By having both line and point layers on our map, we admittedly have the basis of our network. If any of the components listed above isn’t considered, we probably build up our own workload, which can be used later for extracting the fiber schematics. The primary goal of all of these QGIS approaches is to create the fiber schematic automatically or at least as quick as possible and make it work as the technical map of the FTTx concept network across our project. What is most important, QGIS is able to give us enough set of tools for generating a usable fiber network plan. It works similarly to Visual Basic programming, where the Excel-based stuff lets on to do it so. Obviously, we cannot omit the best platforms from the graphic and technical side, where we can visualize our work with the biggest effectiveness like AutoCad or FreeCad software. The web-based tools will be also helpful in this matter, but we should take care of our data from scratch. Unlike usage i.e. the QGIS, where we usually have our workload prepared, the web-based network diagram software gives us the graphical pattern to work on, but data must be input separately.
The solutions applicable for QGIS are for sure the best alternative for ArcGIS fiber schematics. My example shows a slightly different way than others because the process looks more style-based moving away from our exercises from the programming skills. Anyway, let’s get started!
The image above shows the essence of our work. On the very top, we have the QGIS project, which should be turned into the PDF version of the fiber schematic as presented in the bottom part of the image.
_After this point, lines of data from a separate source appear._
lemma sorted_lists_of_multiset_code:
  fixes F :: "nat multiset set"
  assumes "F \<subseteq> multisets_of_size {1..q} n" and "\<forall>M\<in>F. \<forall>N\<in>F. M \<noteq> N \<longrightarrow> r < size (M - N)"
  shows "sorted_list_of_multiset ` F \<subseteq> words q n"
    and "card (sorted_list_of_multiset ` F) = card F"
    and "\<forall>u\<in>sorted_list_of_multiset ` F. \<forall>v\<in>sorted_list_of_multiset ` F.
           u \<noteq> v \<longrightarrow> 2 * (r + 1) \<le> insdel_dist u v"
proof -
  have "sorted_list_of_multiset M \<in> words q n" if "M \<in> F" for M
    using assms(1) that unfolding multisets_of_size_def words_def
    by (auto simp flip: size_mset[of "sorted_list_of_multiset M"])
  then show words: "sorted_list_of_multiset ` F \<subseteq> words q n" by blast
  show "card (sorted_list_of_multiset ` F) = card F"
    by (rule card_image, rule inj_on_inverseI[of _ mset]) simp
  show "\<forall>u\<in>sorted_list_of_multiset ` F. \<forall>v\<in>sorted_list_of_multiset ` F.
           u \<noteq> v \<longrightarrow> 2 * (r + 1) \<le> insdel_dist u v"
  proof (intro ballI impI)
    fix u v assume uv: "u \<in> sorted_list_of_multiset ` F" "v \<in> sorted_list_of_multiset ` F" "u \<noteq> v"
    then obtain M N where "M \<in> F" "N \<in> F" "u = sorted_list_of_multiset M" "v = sorted_list_of_multiset N"
      by blast
    then have "r < size (mset u - mset v)" using assms(2) uv(3) by auto
    moreover have "length u = length v" using uv words unfolding words_def by auto
    then have "2 * size (mset u - mset v) \<le> insdel_dist u v" by (rule size_diff_le_insdel_dist)
    ultimately show "2 * (r + 1) \<le> insdel_dist u v" by presburger
  qed
qed

lemma prime_power_le_code_bound:
  fixes p q \<delta> :: nat
  assumes "p \<le> 2 * q" "\<delta> \<ge> 2"
  shows "real p ^ (\<delta> - 1) \<le> (2 * real q + 2) ^ (\<delta> - 2) * (2 * real q + 1)"
proof -
  have "\<delta> - 1 = Suc (\<delta> - 2)" using assms(2) by simp
  then have "real p ^ (\<delta> - 1) = real p ^ (\<delta> - 2) * real p" by (simp only: power_Suc2)
  also have "\<dots> \<le> (2 * real q + 2) ^ (\<delta> - 2) * (2 * real q + 1)"
    using assms(1) by (intro mult_mono power_mono) simp_all
  finally show ?thesis .
qed

theorem theorem4p5:
  fixes q n \<delta> :: nat
  assumes "q \<ge> 2" and "\<delta> \<ge> 2" and "n \<ge> \<delta>"
  shows "\<exists>C. C \<subseteq> words q n \<and>
           real (card C) \<ge> real ((n + q - 1) choose n) /
                              ((2 * real q + 2) ^ (\<delta> - 2) * (2 * real q + 1)) \<and>
           (\<forall>u\<in>C. \<forall>v\<in>C. u \<noteq> v \<longrightarrow> insdel_dist u v \<ge> 2 * \<delta>)"
proof -
  obtain p where "prime p" "q < p" "p \<le> 2 * q" using bertrand[of q] assms(1) by auto
  then obtain F where F: "F \<subseteq> multisets_of_size {1..q} n"
      "real (card (multisets_of_size {1..q} n)) \<le> real p ^ (\<delta> - 1) * card F"
      "\<forall>M\<in>F. \<forall>N\<in>F. M \<noteq> N \<longrightarrow> \<delta> - 1 < size (M - N)"
    using exists_large_multiset_code[OF \<open>prime p\<close>, of "{1..q}" n "\<delta> - 1"]
    by (fastforce simp flip: of_nat_power of_nat_mult)
  have "real p ^ (\<delta> - 1) > 0" using prime_gt_0_nat[OF \<open>prime p\<close>] by simp
  then have "real ((n + q - 1) choose n) / ((2 * real q + 2) ^ (\<delta> - 2) * (2 * real q + 1))
      \<le> real ((n + q - 1) choose n) / real p ^ (\<delta> - 1)"
    using prime_power_le_code_bound[OF \<open>p \<le> 2 * q\<close> assms(2)] by (intro divide_left_mono) simp_all
  also have "\<dots> \<le> card F"
    using F(2) \<open>real p ^ (\<delta> - 1) > 0\<close>
    by (simp add: pos_divide_le_eq mult.commute card_multisets_of_size add.commute)
  finally show ?thesis
    using sorted_lists_of_multiset_code[OF F(1) F(3)] assms(2)
    by (intro exI[of _ "sorted_list_of_multiset ` F"]) auto
qed

end
lemma reach_imp_walk:
  assumes "reach E X x y" "x \<in> X"
  shows "\<exists>P. walk_in E X P \<and> hd P = x \<and> last P = y"
  using assms(1) unfolding reach_def
proof (induction rule: rtranclp_induct)
  case base
  show ?case using assms(2) by (intro exI[of _ "[x]"]) (simp add: walk_in_def)
next
  case (step y z)
  then obtain P where "walk_in E X P" "hd P = x" "last P = y" by blast
  with step.hyps(2) show ?case
    by (intro exI[of _ "P @ [z]"]) (auto simp: walk_in_def adj_in_def successively_append_iff)
qed

lemma last_take_nth: "0 < n \<Longrightarrow> n \<le> length xs \<Longrightarrow> last (take n xs) = xs ! (n - 1)"
  using take_Suc_conv_app_nth[of "n - 1" xs] by simp

lemma walk_in_take: "walk_in E X P \<Longrightarrow> 0 < n \<Longrightarrow> walk_in E X (take n P)"
  using successively_append_iff[of _ "take n P" "drop n P"]
  by (auto simp: walk_in_def dest: in_set_takeD)

lemma walk_in_drop: "walk_in E X P \<Longrightarrow> n < length P \<Longrightarrow> walk_in E X (drop n P)"
  using successively_append_iff[of _ "take n P" "drop n P"]
  by (auto simp: walk_in_def dest: in_set_dropD)

lemma walk_in_append:
  "walk_in E X P \<Longrightarrow> walk_in E X Q \<Longrightarrow> {last P, hd Q} \<in> E \<Longrightarrow> walk_in E X (P @ Q)"
  by (auto simp: walk_in_def successively_append_iff)

lemma walk_shortcut_chord:
  assumes "walk_in E X P" "i < j" "j < length P" "{P ! i, P ! j} \<in> E"
  shows "walk_in E X (take (Suc i) P @ drop j P)"
  using assms by (intro walk_in_append walk_in_take walk_in_drop)
    (auto simp: last_take_nth hd_drop_conv_nth)

lemma walk_shortcut_repeat:
  assumes "walk_in E X P" "0 < i" "i < j" "j < length P" "P ! i = P ! j"
  shows "walk_in E X (take i P @ drop j P)"
proof (intro walk_in_append walk_in_take walk_in_drop)
  have "{P ! (i - 1), P ! i} \<in> E"
    using assms(1-4) successively_nth[of "\<lambda>x y. {x, y} \<in> E" P "i - 1"]
    by (simp add: walk_in_def)
  then show "{last (take i P), hd (drop j P)} \<in> E"
    using assms(2-5) by (simp add: last_take_nth hd_drop_conv_nth)
qed (use assms in auto)

lemma shortest_walk_induced_path:
  assumes loopless: "\<And>x. {x} \<notin> E"
    and P: "walk_in E X P"
    and shortest: "\<And>Q. walk_in E X Q \<Longrightarrow> hd Q = hd P \<Longrightarrow> last Q = last P \<Longrightarrow>
      length P \<le> length Q"
  shows "induced_path E P"
proof -
  have "P \<noteq> []" using P by (simp add: walk_in_def)
  have no_chord: "j = Suc i" if "i < j" "j < length P" "{P ! i, P ! j} \<in> E" for i j
  proof (rule ccontr)
    assume "j \<noteq> Suc i"
    with P that have "walk_in E X (take (Suc i) P @ drop j P)"
      by (intro walk_shortcut_chord) auto
    from shortest[OF this] show False
      using that \<open>j \<noteq> Suc i\<close> \<open>P \<noteq> []\<close> by simp
  qed
  have no_repeat: "P ! i \<noteq> P ! j" if "i < j" "j < length P" for i j
  proof
    assume eq: "P ! i = P ! j"
    show False
    proof (cases "i = 0")
      case True
      with P that eq \<open>P \<noteq> []\<close> have "walk_in E X (drop j P)" "hd (drop j P) = hd P"
        by (auto intro: walk_in_drop simp: hd_drop_conv_nth hd_conv_nth)
      from shortest[OF this] show False
        using that by simp
    next
      case False
      with P that eq have "walk_in E X (take i P @ drop j P)"
        by (intro walk_shortcut_repeat) auto
      from shortest[OF this] show False
        using that False \<open>P \<noteq> []\<close> by simp
    qed
  qed
  have adjacent: "{P ! i, P ! Suc i} \<in> E" if "Suc i < length P" for i
    using P that successively_nth[of "\<lambda>x y. {x, y} \<in> E" P i] by (simp add: walk_in_def)
  have "distinct P"
    unfolding distinct_conv_nth by (metis no_repeat nat_neq_iff)
  moreover have "{P ! i, P ! j} \<in> E \<longleftrightarrow> j = Suc i \<or> i = Suc j"
    if "i < length P" "j < length P" for i j
    using that loopless adjacent[of i] adjacent[of j] no_chord[of i j] no_chord[of j i]
    by (cases i j rule: linorder_cases) (auto simp: insert_commute)
  ultimately show ?thesis
    by (simp add: induced_path_def)
qed

lemma reach_imp_induced_path:
  assumes "\<And>x. {x} \<notin> E" "reach E X x y" "x \<in> X"
  shows "\<exists>P. induced_path E P \<and> P \<noteq> [] \<and> set P \<subseteq> X \<and> hd P = x \<and> last P = y"
proof -
  let ?walk = "\<lambda>P. walk_in E X P \<and> hd P = x \<and> last P = y"
  obtain P0 where "?walk P0"
    using reach_imp_walk[OF assms(2,3)] by blast
  then obtain P where "?walk P" and shortest: "\<And>Q. ?walk Q \<Longrightarrow> length P \<le> length Q"
    using ex_has_least_nat[of ?walk P0 length] by blast
  then have "induced_path E P"
    by (intro shortest_walk_induced_path[OF assms(1)]) auto
  with \<open>?walk P\<close> show ?thesis
    by (auto simp: walk_in_def)
qed

lemma induced_cycle_Cons:
  assumes loopless: "\<And>x. {x} \<notin> E"
    and P: "induced_path E P" "3 \<le> length P" "a \<notin> set P"
    and a_adj: "\<And>x. x \<in> set P \<Longrightarrow> {a, x} \<in> E \<longleftrightarrow> x = hd P \<or> x = last P"
  shows "induced_cycle E (a # P)"
proof -
  define n where "n = length (a # P)"
  have succ_mod: "Suc k mod n = (if Suc k = n then 0 else Suc k)" if "k < n" for k
    using that by auto
  have "distinct P" using P(1) by (simp add: induced_path_def)
  have a_adj_nth: "{a, P ! k} \<in> E \<longleftrightarrow> k = 0 \<or> Suc k = length P" if "k < length P" for k
  proof -
    have "P ! k = hd P \<longleftrightarrow> k = 0" "P ! k = last P \<longleftrightarrow> Suc k = length P"
      using that P(2) \<open>distinct P\<close>
      by (auto simp: hd_conv_nth last_conv_nth nth_eq_iff_index_eq simp flip: length_greater_0_conv)
    then show ?thesis
      using a_adj[of "P ! k"] that by simp
  qed
  have "{(a # P) ! i, (a # P) ! j} \<in> E \<longleftrightarrow> j = Suc i mod n \<or> i = Suc j mod n"
    if "i < n" "j < n" for i j
  proof (cases i; cases j)
    fix i' j' assume "i = Suc i'" "j = Suc j'"
    then show ?thesis
      using that P(1) succ_mod[of i] succ_mod[of j] by (auto simp: induced_path_def n_def)
  qed (use that loopless P(2) a_adj_nth succ_mod in \<open>auto simp: n_def insert_commute\<close>)
  then show ?thesis
    using P(1,3) by (simp add: induced_cycle_def induced_path_def n_def)
qed

text \<open>A shortest \<open>s1\<close>--\<open>s2\<close> path through \<open>C\<close>, closed up by \<open>a\<close>, would be a chordless
  cycle of length at least 4.\<close>
lemma chordal_common_neighbours_adjacent:
  assumes chordal: "chordal V E" and loopless: "\<And>x. {x} \<notin> E"
    and C: "C \<subseteq> V" "connected_in E C" "c1 \<in> C" "c2 \<in> C"
    and a: "a \<in> V" "a \<notin> C" "\<And>c. c \<in> C \<Longrightarrow> {a, c} \<notin> E"
    and s: "s1 \<in> V" "s2 \<in> V" "s1 \<notin> C" "s2 \<notin> C" "s1 \<noteq> s2"
      "{a, s1} \<in> E" "{a, s2} \<in> E" "{s1, c1} \<in> E" "{c2, s2} \<in> E"
  shows "{s1, s2} \<in> E"
proof (rule ccontr)
  assume non_adj: "{s1, s2} \<notin> E"
  define Y where "Y = insert s1 (insert s2 C)"
  have "reach E C c1 c2"
    using C(2-4) by (simp add: connected_in_def)
  then have "reach E Y s1 c1" "reach E Y c1 c2" "reach E Y c2 s2"
    using reach_mono[of E C c1 c2 E Y] C(3,4) s(8,9)
    by (auto simp: Y_def intro: reach_edge)
  then have "reach E Y s1 s2"
    by (blast intro: reach_trans)
  then obtain P where P: "induced_path E P" "P \<noteq> []" "set P \<subseteq> Y" "hd P = s1" "last P = s2"
    using reach_imp_induced_path[OF loopless] by (metis Y_def insertI1)
  have "length P \<noteq> 1"
    using P(2,4,5) s(5) by (cases P) auto
  moreover have "length P \<noteq> 2"
  proof
    assume "length P = 2"
    then have "{P ! 0, P ! 1} \<in> E" "P ! 0 = s1" "P ! 1 = s2"
      using P by (auto simp: induced_path_def hd_conv_nth last_conv_nth)
    with non_adj show False by simp
  qed
  ultimately have "3 \<le> length P"
    using P(2) by (cases "length P") (auto simp: numeral_eq_Suc)
  moreover have "a \<notin> set P"
    using P(3) a(2) s(6,7) loopless by (auto simp: Y_def)
  moreover have "{a, x} \<in> E \<longleftrightarrow> x = hd P \<or> x = last P" if "x \<in> set P" for x
    using that P(3-5) a(3) s(6,7) by (auto simp: Y_def)
  ultimately have "induced_cycle E (a # P)"
    using induced_cycle_Cons[OF loopless P(1)] by blast
  moreover have "set (a # P) \<subseteq> V"
    using P(3) C(1) a(1) s(1,2) by (auto simp: Y_def)
  ultimately show False
    using chordalD[OF chordal] \<open>3 \<le> length P\<close> by fastforce
qed

section \<open>Simplicial vertices\<close>

definition simplicial :: "'a set set \<Rightarrow> 'a set \<Rightarrow> 'a \<Rightarrow> bool" where
  "simplicial E W v \<longleftrightarrow> (\<forall>x\<in>W. \<forall>y\<in>W. {v, x} \<in> E \<longrightarrow> {v, y} \<in> E \<longrightarrow> x \<noteq> y \<longrightarrow> {x, y} \<in> E)"
lemma sample_sum_approx_normsq:
  fixes M :: "('g::{topological_group_add,t2_space}) measure"
  assumes haar: "left_haar M" and Q: "std_nbhd Q" and w: "\<And>x. 1 \<le> w x" and K: "rkhs M K kf"
    and \<Theta>: "\<Theta> \<in> wiener M Q w" "\<And>x. 0 \<le> \<Theta> x"
    and wuc: "\<forall>f\<in>K. \<forall>x y. ennreal \<bar>(cmod (f x))\<^sup>2 - (cmod (f y))\<^sup>2\<bar>
      \<le> ennreal (\<eta> (- y + x)) * (\<integral>\<^sup>+ z. ennreal ((cmod (f z))\<^sup>2 * \<Theta> (- z + y)) \<partial>M)"
    and UQ: "U \<subseteq> Q" and \<eta>: "\<And>u. u \<in> U \<Longrightarrow> u \<noteq> 0 \<Longrightarrow> \<eta> u \<le> \<delta>"
    and \<delta>: "ennreal \<delta> * (\<integral>\<^sup>+ x. wiener_envelope M Q w \<Theta> x \<partial>M) \<le> ennreal \<epsilon>" and "0 \<le> \<epsilon>"
    and disj: "disjoint_family V" and V: "\<And>n. V n \<in> sets M" "(\<Union>n. V n) = UNIV"
    and fin: "\<And>n. emeasure M (V n) < \<infinity>" and Vlam: "\<And>n. V n \<subseteq> (\<lambda>u. lam n + u) ` U"
    and f: "f \<in> K"
  shows "summable (\<lambda>n. (cmod (f (lam n)))\<^sup>2 * measure M (V n))"
    and "\<bar>(\<Sum>n. (cmod (f (lam n)))\<^sup>2 * measure M (V n)) - L2_normsq M f\<bar> \<le> \<epsilon> * L2_normsq M f"
proof -
  define F where "F z = (cmod (f z))\<^sup>2" for z
  have "square_integrable M f" using K f unfolding rkhs_def by blast
  then have F: "integrable M F" "F \<in> borel_measurable M" "\<And>x. 0 \<le> F x"
    unfolding square_integrable_def F_def by auto
  have N: "L2_normsq M f = integral\<^sup>L M F" unfolding L2_normsq_def F_def ..
  have N0: "0 \<le> L2_normsq M f" unfolding N using F(3) by simp
  have "(\<Sum>n. \<integral>\<^sup>+ x \<in> V n. ennreal \<bar>F x - F (lam n)\<bar> \<partial>M)
      \<le> ennreal \<delta> * (\<integral>\<^sup>+ x. wiener_envelope M Q w \<Theta> x \<partial>M) * (\<integral>\<^sup>+ y. ennreal (F y) \<partial>M)"
  proof (rule suminf_oscillation_le[OF haar Q \<Theta> w UQ disj V Vlam F(2,3)])
    fix n x assume "x \<in> V n"
    then obtain u where "u \<in> U" "x = lam n + u" using Vlam by blast
    then have "- lam n + x \<noteq> 0 \<Longrightarrow> \<eta> (- lam n + x) \<le> \<delta>" using \<eta> by (simp add: add.assoc[symmetric])
    then show "ennreal \<bar>F x - F (lam n)\<bar> \<le> ennreal \<delta> * (\<integral>\<^sup>+ y. ennreal (F y * \<Theta> (- y + lam n)) \<partial>M)"
      unfolding F_def by (rule WUC_oscillation_le[where \<eta> = \<eta>, OF wuc[rule_format, OF f, of x "lam n"]])
  qed
  also have "\<dots> \<le> ennreal \<epsilon> * ennreal (L2_normsq M f)"
    using \<delta> nn_integral_eq_integral[OF F(1)] F(3) unfolding N by (auto intro: mult_right_mono)
  also have "\<dots> = ennreal (\<epsilon> * L2_normsq M f)" by (rule ennreal_mult[symmetric, OF \<open>0 \<le> \<epsilon>\<close> N0])
  finally have osc: "(\<Sum>n. \<integral>\<^sup>+ x \<in> V n. ennreal \<bar>F x - F (lam n)\<bar> \<partial>M) \<le> ennreal (\<epsilon> * L2_normsq M f)" .
  note approx = sample_sum_approx_integral[OF disj V(1) _ fin F(1,3) _ _ osc]
  show "summable (\<lambda>n. (cmod (f (lam n)))\<^sup>2 * measure M (V n))"
    using approx(1) V(2) left_haar_space[OF haar] N0 \<open>0 \<le> \<epsilon>\<close> unfolding F_def by simp
  show "\<bar>(\<Sum>n. (cmod (f (lam n)))\<^sup>2 * measure M (V n)) - L2_normsq M f\<bar> \<le> \<epsilon> * L2_normsq M f"
    using approx(2) V(2) left_haar_space[OF haar] N0 \<open>0 \<le> \<epsilon>\<close> unfolding F_def N by simp
qed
The QGIS project includes a multitude of layers, in which a few of them will be used for the fiber schematic production (Pic. 2).
Amidst this short list of layers, which is going to be used for our telecom purposes we can distinguish two types of layers in terms of their geometry. There are point layers and line layers. In this event, we should aim for a reduction of this number of layers to just 2 instead of 6 listed on the right (Pic. 2).
We can do it by merging as many layers as we can. We cannot merge all of them into 1, one because they have different geometry, as mentioned above. We have to do it twice, both for all point layers and all linear layers. For this purpose, the most advisable way is using the Vector -> Data Management Tools -> Merge Vector Layers (Pic. 3). This is the safest option with respect to our data attribute column titles. We can do it also by using the MMQGIS plugin, but our column title character length will be cut to 10 only. Nobody wants this.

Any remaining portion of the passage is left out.